Een Belg wandelt een bar binnen...

An-Sofie
Jacobs

Stel dat u uw smartphone wil verkopen, zodat u de nieuwste iPhone kan aanschaffen. In een café doet een uitwisselingsstudent een bod, maar deze persoon woont aan de andere kant van de Europese Unie! U weet dus niet wat er zou gebeuren bij problemen, bijvoorbeeld als de koper niet zou betalen. Gaat u op het aanbod in?

Een korte achtergrond

Onderzoek heeft aangetoond dat taalverschillen, de kosten van buitenlandse advocaten, onzekerheid over het recht… obstakels zijn voor de handel binnen de EU. Daarom dat Europa er aan denkt het toepasselijke recht, het recht dat de rechter zal toepassen als u de uitwisselingsstudent voor de rechter zou dagen, gelijk te maken.

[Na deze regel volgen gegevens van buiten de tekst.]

(* Fix integers $\delta,r,t$ with $0\le\delta\le d$ and $0\le r,t\le d-\delta$. Let $(A;\{E_i\}_{i=0}^\delta;A^*;\{E^*_i\}_{i=0}^\delta)$ be a tridiagonal system over $\mathbb{F}$ on a vector space $V$, with eigenvalue sequence $\theta_t,\theta_{t+1},\dots,\theta_{t+\delta}$ and dual eigenvalue sequence $\theta^*_r,\theta^*_{r+1},\dots,\theta^*_{r+\delta}$. Then there exists a $T$-module structure on $V$ such that (i) $a$ acts as $A$ and $a^*$ acts as $A^*$; (ii) for $0\le i\le d$, $e_i$ acts as $E_{i-t}$ if $t\le i\le t+\delta$ and as $0$ otherwise; (iii) for $0\le i\le d$, $e^*_i$ acts as $E^*_{i-r}$ if $r\le i\le r+\delta$ and as $0$ otherwise. This $T$-module is irreducible.
   Context: $\mathbb{F}$ is a field, $d\ge0$, and $\{\theta_i\}_{i=0}^d$, $\{\theta^*_i\}_{i=0}^d$ are scalars in $\mathbb{F}$ with $\theta_i\ne\theta_j$, $\theta^*_i\ne\theta^*_j$ for $i\ne j$, such that $\frac{\theta_{i-2}-\theta_{i+1}}{\theta_{i-1}-\theta_i}$ and $\frac{\theta^*_{i-2}-\theta^*_{i+1}}{\theta^*_{i-1}-\theta^*_i}$ are equal and independent of $i$ for $2\le i\le d-1$. $T$ is the associative $\mathbb{F}$-algebra with $1$ generated by $a,e_0,\dots,e_d,a^*,e^*_0,\dots,e^*_d$ with relations $e_ie_j=\delta_{ij}e_i$, $e^*_ie^*_j=\delta_{ij}e^*_i$, $\sum_ie_i=\sum_ie^*_i=1$, $a=\sum_i\theta_ie_i$, $a^*=\sum_i\theta^*_ie^*_i$, and $e^*_ia^ke^*_j=0$, $e_i{a^*}^ke_j=0$ whenever $0\le i,j,k\le d$ and $k<|i-j|$. Tridiagonal pair on a finite-dimensional nonzero space $V$: diagonalizable linear maps $A,A^*$ such that some ordering $V_0,\dots,V_\delta$ of the eigenspaces of $A$ satisfies $A^*V_i\subseteq V_{i-1}+V_i+V_{i+1}$, some ordering $V^*_0,\dots,V^*_\delta$ of the eigenspaces of $A^*$ satisfies $AV^*_i\subseteq V^*_{i-1}+V^*_i+V^*_{i+1}$ (out-of-range terms zero), and no subspace $W\ne0,V$ is invariant under both (such orderings are standard). A tridiagonal system $(A;\{E_i\}_{i=0}^\delta;A^*;\{E^*_i\}_{i=0}^\delta)$ is a tridiagonal pair with standard orderings of the primitive idempotents of $A$ and $A^*$; its eigenvalue sequence lists the eigenvalue of $A$ on $E_iV$, and its dual eigenvalue sequence the eigenvalue of $A^*$ on $E^*_iV$. *)

theory Defs
  imports Complex_Main
begin

definition fin_dim_vs :: "('f::field \<Rightarrow> 'v::ab_group_add \<Rightarrow> 'v) \<Rightarrow> bool" where
  "fin_dim_vs scale \<longleftrightarrow> vector_space scale \<and>
     (\<exists>B. finite B \<and> module.span scale B = (UNIV :: 'v set)) \<and> (\<exists>v::'v. v \<noteq> 0)"

definition param_ok :: "nat \<Rightarrow> (nat \<Rightarrow> 'f::field) \<Rightarrow> (nat \<Rightarrow> 'f) \<Rightarrow> bool" where
  "param_ok d th ths \<longleftrightarrow>
     (\<forall>i\<le>d. \<forall>j\<le>d. i \<noteq> j \<longrightarrow> th i \<noteq> th j) \<and>
     (\<forall>i\<le>d. \<forall>j\<le>d. i \<noteq> j \<longrightarrow> ths i \<noteq> ths j) \<and>
     (\<exists>c. \<forall>i. 2 \<le> i \<and> i + 1 \<le> d \<longrightarrow>
          (th (i-2) - th (i+1)) / (th (i-1) - th i) = c \<and>
          (ths (i-2) - ths (i+1)) / (ths (i-1) - ths i) = c)"

definition prim_idems :: "('f::field \<Rightarrow> 'v::ab_group_add \<Rightarrow> 'v) \<Rightarrow> nat \<Rightarrow> ('v \<Rightarrow> 'v)
     \<Rightarrow> (nat \<Rightarrow> 'v \<Rightarrow> 'v) \<Rightarrow> (nat \<Rightarrow> 'f) \<Rightarrow> bool" where
  "prim_idems scale \<delta> A E th \<longleftrightarrow>
     Vector_Spaces.linear scale scale A \<and>
     (\<forall>i\<le>\<delta>. Vector_Spaces.linear scale scale (E i) \<and> (\<exists>v. E i v \<noteq> 0)) \<and>
     (\<forall>i\<le>\<delta>. \<forall>j\<le>\<delta>. \<forall>v. E i (E j v) = (if i = j then E i v else 0)) \<and>
     (\<forall>v. (\<Sum>i\<le>\<delta>. E i v) = v) \<and>
     (\<forall>v. A v = (\<Sum>i\<le>\<delta>. scale (th i) (E i v))) \<and>
     (\<forall>i\<le>\<delta>. \<forall>j\<le>\<delta>. i \<noteq> j \<longrightarrow> th i \<noteq> th j)"

definition nbr :: "nat \<Rightarrow> (nat \<Rightarrow> 'v \<Rightarrow> 'v::ab_group_add) \<Rightarrow> nat \<Rightarrow> 'v set" where
  "nbr \<delta> E i = {x + y + z | x y z.
      x \<in> (if 0 < i then range (E (i - 1)) else {0}) \<and>
      y \<in> range (E i) \<and>
      z \<in> (if i + 1 \<le> \<delta> then range (E (i + 1)) else {0})}"

definition tridiagonal_system :: "('f::field \<Rightarrow> 'v::ab_group_add \<Rightarrow> 'v) \<Rightarrow> nat
     \<Rightarrow> ('v \<Rightarrow> 'v) \<Rightarrow> (nat \<Rightarrow> 'v \<Rightarrow> 'v) \<Rightarrow> ('v \<Rightarrow> 'v) \<Rightarrow> (nat \<Rightarrow> 'v \<Rightarrow> 'v)
     \<Rightarrow> (nat \<Rightarrow> 'f) \<Rightarrow> (nat \<Rightarrow> 'f) \<Rightarrow> bool" where
  "tridiagonal_system scale \<delta> A E As Es th ths \<longleftrightarrow>
     fin_dim_vs scale \<and>
     prim_idems scale \<delta> A E th \<and> prim_idems scale \<delta> As Es ths \<and>
     (\<forall>i\<le>\<delta>. As ` range (E i) \<subseteq> nbr \<delta> E i) \<and>
     (\<forall>i\<le>\<delta>. A ` range (Es i) \<subseteq> nbr \<delta> Es i) \<and>
     (\<forall>W. module.subspace scale W \<and> A ` W \<subseteq> W \<and> As ` W \<subseteq> W \<longrightarrow>
          W = {0} \<or> W = UNIV)"

text \<open>A T-module structure on V: images a, e_i, a*, e*_i (i \<le> d) of the generators
  of T as linear maps of V satisfying the defining relations of T (by the
  universal property of the presentation this is the same as an algebra
  homomorphism T \<rightarrow> End(V)).\<close>
definition T_module :: "('f::field \<Rightarrow> 'v::ab_group_add \<Rightarrow> 'v) \<Rightarrow> nat \<Rightarrow> (nat \<Rightarrow> 'f) \<Rightarrow> (nat \<Rightarrow> 'f)
     \<Rightarrow> ('v \<Rightarrow> 'v) \<Rightarrow> (nat \<Rightarrow> 'v \<Rightarrow> 'v) \<Rightarrow> ('v \<Rightarrow> 'v) \<Rightarrow> (nat \<Rightarrow> 'v \<Rightarrow> 'v) \<Rightarrow> bool" where
  "T_module scale d th ths a e as es \<longleftrightarrow>
     Vector_Spaces.linear scale scale a \<and> Vector_Spaces.linear scale scale as \<and>
     (\<forall>i\<le>d. Vector_Spaces.linear scale scale (e i) \<and> Vector_Spaces.linear scale scale (es i)) \<and>
     (\<forall>i\<le>d. \<forall>j\<le>d. \<forall>v. e i (e j v) = (if i = j then e i v else 0)) \<and>
     (\<forall>i\<le>d. \<forall>j\<le>d. \<forall>v. es i (es j v) = (if i = j then es i v else 0)) \<and>
     (\<forall>v. (\<Sum>i\<le>d. e i v) = v) \<and> (\<forall>v. (\<Sum>i\<le>d. es i v) = v) \<and>
     (\<forall>v. a v = (\<Sum>i\<le>d. scale (th i) (e i v))) \<and>
     (\<forall>v. as v = (\<Sum>i\<le>d. scale (ths i) (es i v))) \<and>
     (\<forall>i\<le>d. \<forall>j\<le>d. \<forall>k\<le>d. int k < \<bar>int i - int j\<bar> \<longrightarrow>
        (\<forall>v. es i ((a ^^ k) (es j v)) = 0) \<and> (\<forall>v. e i ((as ^^ k) (e j v)) = 0))"

definition T_irreducible :: "('f::field \<Rightarrow> 'v::ab_group_add \<Rightarrow> 'v) \<Rightarrow> nat
     \<Rightarrow> ('v \<Rightarrow> 'v) \<Rightarrow> (nat \<Rightarrow> 'v \<Rightarrow> 'v) \<Rightarrow> ('v \<Rightarrow> 'v) \<Rightarrow> (nat \<Rightarrow> 'v \<Rightarrow> 'v) \<Rightarrow> bool" where
  "T_irreducible scale d a e as es \<longleftrightarrow> (\<exists>v::'v. v \<noteq> 0) \<and>
     (\<forall>W. module.subspace scale W \<and> a ` W \<subseteq> W \<and> as ` W \<subseteq> W \<and>
          (\<forall>i\<le>d. e i ` W \<subseteq> W \<and> es i ` W \<subseteq> W) \<longrightarrow> W = {0} \<or> W = UNIV)"

end

theory Submission
  imports Defs
begin

text \<open>For \<open>e\<^sub>i a\<^sup>*\<^sup>k e\<^sub>j = 0\<close> when \<open>k < |i - j|\<close> one
  inducts on \<open>k\<close>: by tridiagonality, \<open>A\<^sup>*\<close> maps \<open>E\<^sub>lV\<close> into \<open>E\<^sub>l\<^sub>-\<^sub>1V + E\<^sub>lV + E\<^sub>l\<^sub>+\<^sub>1V\<close>,
  so each application moves a vector by at most one step in the decomposition
  \<open>V = \<Sum>\<^sub>l E\<^sub>lV\<close>; dually for \<open>e\<^sup>*\<^sub>i a\<^sup>k e\<^sup>*\<^sub>j\<close>. A subspace invariant under all generators is
  invariant under \<open>A\<close> and \<open>A\<^sup>*\<close>, so irreducibility is that of the tridiagonal pair.\<close>

lemma linear_map_zero: "Vector_Spaces.linear s s f \<Longrightarrow> f 0 = 0"
  by (simp add: linear_iff_module_hom module_hom.zero)

lemma linear_map_add: "Vector_Spaces.linear s s f \<Longrightarrow> f (x + y) = f x + f y"
  by (simp add: linear_iff_module_hom module_hom.add)

lemma linear_map_sum: "Vector_Spaces.linear s s f \<Longrightarrow> f (sum g S) = (\<Sum>a\<in>S. f (g a))"
  by (simp add: linear_iff_module_hom module_hom.sum)

lemma linear_map_funpow_zero: "Vector_Spaces.linear s s f \<Longrightarrow> (f ^^ k) 0 = 0"
  by (induction k) (simp_all add: linear_map_zero)

lemma linear_const_zero: "vector_space s \<Longrightarrow> Vector_Spaces.linear s s (\<lambda>v. 0)"
  using vector_space_pair.linear_zero[of s s] by (simp add: vector_space_pair_def)

definition orthogonal_idempotents :: "nat \<Rightarrow> (nat \<Rightarrow> 'v \<Rightarrow> 'v::zero) \<Rightarrow> bool" where
  "orthogonal_idempotents \<delta> F \<longleftrightarrow>
     (\<forall>i\<le>\<delta>. \<forall>j\<le>\<delta>. \<forall>v. F i (F j v) = (if i = j then F i v else 0))"

lemma idempotent_vanishes_on_nbr:
  assumes lin: "\<forall>i\<le>\<delta>. Vector_Spaces.linear s s (F i)"
    and orth: "orthogonal_idempotents \<delta> F"
    and m: "m \<le> \<delta>" and l: "l \<le> \<delta>" and far: "1 < \<bar>int m - int l\<bar>" and w: "w \<in> nbr \<delta> F l"
  shows "F m w = 0"
proof -
  obtain x y z where w: "w = x + y + z"
    and x: "x \<in> (if 0 < l then range (F (l - 1)) else {0})"
    and y: "y \<in> range (F l)"
    and z: "z \<in> (if l + 1 \<le> \<delta> then range (F (l + 1)) else {0})"
    using w unfolding nbr_def by blast
  have kill: "F m (F l' u) = 0" if "l' \<le> \<delta>" "l' \<noteq> m" for l' u
    using orth that m unfolding orthogonal_idempotents_def by simp
  have "F m 0 = 0"
    using lin m linear_map_zero by blast
  with x y z l far kill have "F m x = 0" "F m y = 0" "F m z = 0"
    by (auto split: if_splits)
  then show ?thesis
    using w lin m linear_map_add[of s "F m"] by simp
qed

lemma idempotent_funpow_idempotent_eq_0:
  assumes lin: "\<forall>i\<le>\<delta>. Vector_Spaces.linear s s (F i)"
    and linB: "Vector_Spaces.linear s s B"
    and orth: "orthogonal_idempotents \<delta> F"
    and sum1: "\<forall>v. (\<Sum>i\<le>\<delta>. F i v) = v"
    and tri: "\<forall>i\<le>\<delta>. B ` range (F i) \<subseteq> nbr \<delta> F i"
    and ij: "i \<le> \<delta>" "j \<le> \<delta>" and k: "int k < \<bar>int i - int j\<bar>"
  shows "F i ((B ^^ k) (F j v)) = 0"
  using ij k
proof (induction k arbitrary: i)
  case 0
  then show ?case using orth unfolding orthogonal_idempotents_def by auto
next
  case (Suc k)
  define x where "x = (B ^^ k) (F j v)"
  have "F i ((B ^^ Suc k) (F j v)) = F i (B (\<Sum>l\<le>\<delta>. F l x))"
    using sum1 by (simp add: x_def)
  also have "\<dots> = (\<Sum>l\<le>\<delta>. F i (B (F l x)))"
    using lin Suc.prems(1) linB by (simp add: linear_map_sum[of s B] linear_map_sum[of s "F i"])
  also have "\<dots> = 0"
  proof (rule sum.neutral, intro ballI)
    fix l assume l: "l \<in> {..\<delta>}"
    show "F i (B (F l x)) = 0"
    proof (cases "int k < \<bar>int l - int j\<bar>")
      case True
      then have "F l x = 0"
        using Suc.IH l ij by (simp add: x_def)
      moreover have "Vector_Spaces.linear s s (F i)"
        using lin Suc.prems(1) by blast
      ultimately show ?thesis
        using linB by (simp add: linear_map_zero)
    next
      case False
      then have "1 < \<bar>int i - int l\<bar>"
        using Suc.prems(3) by linarith
      moreover have "B (F l x) \<in> nbr \<delta> F l"
        using tri l by blast
      ultimately show ?thesis
        using idempotent_vanishes_on_nbr[OF lin orth Suc.prems(1)] l by blast
    qed
  qed
  finally show ?case .
qed

definition shift_idempotents :: "nat \<Rightarrow> nat \<Rightarrow> (nat \<Rightarrow> 'v \<Rightarrow> 'v::zero) \<Rightarrow> nat \<Rightarrow> 'v \<Rightarrow> 'v" where
  "shift_idempotents t \<delta> F i = (if t \<le> i \<and> i \<le> t + \<delta> then F (i - t) else (\<lambda>v. 0))"

lemma linear_shift_idempotents:
  assumes "vector_space s" and "\<forall>i\<le>\<delta>. Vector_Spaces.linear s s (F i)"
  shows "Vector_Spaces.linear s s (shift_idempotents t \<delta> F i)"
  using assms linear_const_zero by (auto simp: shift_idempotents_def)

Zo’n gelijkmaking noemt men harmonisatie en kan op twee manieren gebeuren. Een top-down harmonisatie houdt in dat de EU zelf verplichte regels oplegt aan de lidstaten. Bottom-up harmonisatie is vrijwillige harmonisatie, bijvoorbeeld wanneer de contractspartijen zelf een neutraal recht kiezen als toepasselijk recht en de rechtsstelsels van de lidstaten zo op een natuurlijke wijze naar elkaar toegroeien.

Niet-statelijk recht is een goed voorbeeld van neutraal recht. Niet-statelijke regels zijn geschreven door academici, los van een bepaald land. Voorbeelden zijn de Principles of European Contract Law (PECL), de Draft Common Framework of Reference (DCFR) en de UNIDROIT Principles.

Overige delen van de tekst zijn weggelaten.